The seed investment is being led by Index Ventures with participation from ICONIQ Capital, Motier Ventures, Databricks Ventures, HuggingFund by Factorial, and some individual angel investors. The company’s valuation was not disclosed, although tech publication The Information previously reported that the funding round valued the startup at $100 million.
Adaptive is working on a way to improve on a process that is known as reinforcement learning from human feedback, or RLHF. This process has been a key to taking LLMs, which are initially trained from a huge amount of text to predict the next word in a sentence, and making them more useful as the engines that power chatbots, such as OpenAI’s ChatGPT.
RLHF involves gathering feedback from human evaluators on the quality of an LLM’s responses. The LLM is then further trained to provide answers that are more like the ones that the evaluators rate highly. But RLHF has typically involved hiring contractors to evaluate a model, often using a simple thumbs or thumbs down to grade its answers. This method is expensive—the cost of data annotation contracts make up a good portion of the training costs of LLM-based chatbots, for example— and the quality of the feedback is sometimes too crude to produce good results for many business use cases of LLMs.
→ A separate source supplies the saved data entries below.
lemma exists_boxes_around:
  fixes y :: "real^'m \<Rightarrow> real^'n"
  assumes "open U" "a \<in> U" "continuous_on U y"
  obtains lR sR lV sV where "a \<in> cbox lR (lR + sR)" "y a \<in> cbox lV (lV + sV)"
    "\<forall>k. 0 < sR$k" "\<forall>k. 0 < sV$k" "cbox lR (lR + sR) \<subseteq> U"
    "\<And>x. x \<in> cbox lR (lR + sR) \<Longrightarrow> y x \<in> cbox lV (lV + sV)"
proof -
  let ?lV = "y a - 1" and ?sV = "2 :: real^'n"
  have "open (U \<inter> y -` box ?lV (?lV + ?sV))"
    using assms by (intro continuous_open_preimage open_box)
  moreover have "a \<in> U \<inter> y -` box ?lV (?lV + ?sV)"
    using assms by (simp add: mem_box_cart)
  ultimately obtain p q where pq: "cbox p q \<subseteq> U \<inter> y -` box ?lV (?lV + ?sV)" "a \<in> box p q"
    by (meson open_contains_cbox)
  show ?thesis
  proof (rule that[of p "q - p" ?lV ?sV])
    show "\<forall>k. 0 < (q - p)$k"
    proof
      fix k
      have "p$k < a$k" "a$k < q$k"
        using pq(2) by (simp_all add: mem_box_cart)
      then show "0 < (q - p)$k"
        by simp
    qed
    show "a \<in> cbox p (p + (q - p))" "cbox p (p + (q - p)) \<subseteq> U"
      using pq box_subset_cbox by auto
    fix x assume "x \<in> cbox p (p + (q - p))"
    then have "y x \<in> box ?lV (?lV + ?sV)"
      using pq(1) by auto
    then show "y x \<in> cbox ?lV (?lV + ?sV)"
      using box_subset_cbox by blast
  qed (simp_all add: mem_box_cart)
qed

lemma implicit_function_on_box:
  fixes f :: "(real^'m) \<times> (real^'n) \<Rightarrow> real^'n"
    and f' :: "(real^'m) \<times> (real^'n) \<Rightarrow> ((real^'m) \<times> (real^'n)) \<Rightarrow>\<^sub>L (real^'n)"
  assumes deriv: "\<And>z. (f has_derivative blinfun_apply (f' z)) (at z)"
    and cont: "continuous_on UNIV f'"
    and zero: "f (a, b) = 0"
    and jac: "det (\<chi> i j. blinfun_apply (f' (a, b)) (0, axis j 1) $ i) \<noteq> 0"
  obtains lR sR lV sV y where "a \<in> cbox lR (lR + sR)" "b \<in> cbox lV (lV + sV)"
    "\<forall>k. 0 < sR$k" "\<forall>k. 0 < sV$k" "continuous_on (cbox lR (lR + sR)) y"
    "\<And>x. x \<in> cbox lR (lR + sR) \<Longrightarrow> y x \<in> cbox lV (lV + sV) \<and> f (x, y x) = 0"
proof -
  obtain U y where U: "open U" "a \<in> U" and cont_y: "continuous_on U y" and "y a = b"
    and f_y: "\<And>x. x \<in> U \<Longrightarrow> f (x, y x) = 0"
    by (rule implicit_function[OF deriv cont zero inj_partial_if_det_nonzero[OF jac]]) blast
  obtain lR sR lV sV where boxes: "a \<in> cbox lR (lR + sR)" "y a \<in> cbox lV (lV + sV)"
    "\<forall>k. 0 < sR$k" "\<forall>k. 0 < sV$k" and sub: "cbox lR (lR + sR) \<subseteq> U"
    and y_V: "\<And>x. x \<in> cbox lR (lR + sR) \<Longrightarrow> y x \<in> cbox lV (lV + sV)"
    by (rule exists_boxes_around[OF U cont_y]) blast
  show ?thesis
  proof (rule that[OF boxes(1) _ boxes(3,4)])
    show "b \<in> cbox lV (lV + sV)"
      using boxes(2) \<open>y a = b\<close> by simp
    show "continuous_on (cbox lR (lR + sR)) y"
      by (rule continuous_on_subset[OF cont_y sub])
    show "y x \<in> cbox lV (lV + sV) \<and> f (x, y x) = 0" if "x \<in> cbox lR (lR + sR)" for x
      using y_V[OF that] f_y[of x] sub that by blast
  qed
qed

definition drop3 :: "real^3 \<Rightarrow> real^2" where
  "drop3 w = (\<chi> i. w $ (if i = 1 then 1 else 2))"

lemma drop3_ext3 [simp]: "drop3 (ext3 x t) = x"
  by (simp add: drop3_def ext3_def vec_eq_iff forall_2)

lemma continuous_on_drop3: "continuous_on S drop3"
  unfolding drop3_def by (intro continuous_intros)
“It is hard to get the model to do what you want,” Julien Launay, Adaptive’s cofounder and CEO, said.
Adaptive wants to allow LLMs to learn on a regular and on-going basis from how a company’s own employees or customers actually interact with the software. The next actions and responses that a user makes in response to the LLM’s output is a much richer training signal in many cases than a thumbs or thumbs down given by a paid evaluator.
The platform will also help companies run a process called reinforcement learning from AI feedback (RLAIF), where a separate AI model critiques the responses of the AI model that is being trained. This can lower the cost of training and result in a better range of training data than using human evaluators.